You wrongly said the current is 5.4A which is 54000mA. Where is 0.5 ohms?

2) The current from the powerbank is 5.4mA which is so low that the powerbank will go to sleep.
If you use 100 LEDs, each with a resistor then the current from the powerbank will be 540mA..

3) When the powerbank steps up the 3.7V average battery voltage then it heats with about 54mA.

4) The total current from the powerbank is 540mA + 54mA= 594mA.

5) The 2600mAh battery current is higher than 594mA by the stepup to 5.3V from 3.7V which is 5.3/3.7 x 594mA= 851mA.

6) Then the 2600mAh battery lasts for 2600/851= 3 hours for the 100 LEDs.

7) If the battery is a cheap old one then it will last for a few minutes.
 

BobTPH

Joined Jun 5, 2013
3,808
Both of your mistakes are caused by using the incorrect units. In the first case, I already pointed out that you were using Ohms where mA was required. Now you are using mA where Amps is required. That causes your calculation to be off by a factor of 1000.

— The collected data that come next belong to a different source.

(*
  Both algebras are spanned over Z[q^(+-1/2)] by quasi-commuting monomials whose exponents are
  nonnegative outside ex \<union> inv: T_q(M)_\<ge> by the M(f), and T_q(\<mu>_k M)_\<ge> by the mutated
  monomials M(f - f_k e_k) Y^(f_k), where Y = \<mu>_k M(e_k) = M(-e_k) P for a binomial
  P = q^a M([b^k]_+) + q^b M(-[b^k]_-).  Let Q be the multiplicative monoid generated by all
  binomials q^i M([b^k]_+) + q^j M(-[b^k]_-).  Each of the two algebras is carried into the
  other by right multiplication with a suitable element of Q, and Q satisfies the right Ore
  condition in both.  So if x = p y lies in the first algebra with y in the second, then
  x q = p (y q) is divisible by p in the first algebra for some q \<in> Q.  A binomial has two
  distinct monomials with unit coefficients, so comparing the extreme monomials in a suitable
  coordinate shows that p already divides x.  The reverse inclusion is symmetric.
*)

theory Submission
  imports Defs
begin

section \<open>Laurent polynomials in a central element\<close>

lemma powi_quasi_commute:
  fixes u w s :: "'f::division_ring"
  assumes s_central: "\<And>x. s * x = x * s" and uw: "u * w = s * (w * u)"
  shows "u powi n * w = s powi n * (w * u powi n)"
proof -
  have pow: "u' ^ m * w = s' ^ m * (w * u' ^ m)"
    if central: "\<And>x. s' * x = x * s'" and uw': "u' * w = s' * (w * u')" for u' s' :: 'f and m
  proof (induction m)
    case (Suc m)
    have "u' * s' ^ m = s' ^ m * u'"
      using power_commuting_commutes[of s' u' m] central by simp
    then have "u' ^ Suc m * w = s' ^ m * (u' * w) * u' ^ m"
      by (simp only: power_Suc mult.assoc Suc) (simp only: mult.assoc[symmetric])
    also have "\<dots> = s' ^ Suc m * (w * u' ^ Suc m)"
      by (simp only: uw' power_Suc[of u'] power_Suc2[of s'] mult.assoc)
    finally show ?case .
  qed simp
  have inv: "inverse u * w = inverse s * (w * inverse u)"
  proof (cases "u = 0 \<or> s = 0")
    case True
    then show ?thesis using uw by auto
  next
    case False
    have "w * inverse u = inverse u * (u * w) * inverse u"
      using False by (simp add: mult.assoc[symmetric])
    also have "\<dots> = inverse u * s * w * (u * inverse u)"
      by (simp add: uw mult.assoc)
    also have "\<dots> = s * (inverse u * w)"
      using False s_central[of "inverse u"] by (simp add: mult.assoc[symmetric])
    finally show ?thesis using False by (simp add: mult.assoc[symmetric])
  qed
  have "inverse s * x = x * inverse s" for x
    by (rule mult_commute_imp_mult_inverse_commute) (simp add: s_central)
  then show ?thesis
    using pow[OF s_central uw] pow[OF _ inv] by (simp add: power_int_def)
qed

Ohms law is V = IR, where V is Volts, I is amps, and R is Ohms. You cannot put a value of mA in for I. You first have to convert to Amps.

5.4 mA = 0.0054 A

That said, what you are attempting to calculate is wrong in the first place. When you apply Ohms law to a resistor, the V in the equation is the voltage across the resistor. In your circuit, you have a battery, a resistor, and an LED in series. In this circuit, the battery voltage of 5.3V is divided between the resistor and the LED, so the V in the equation is 5.3V minus the voltage across the LED, which you do not know without measuring it.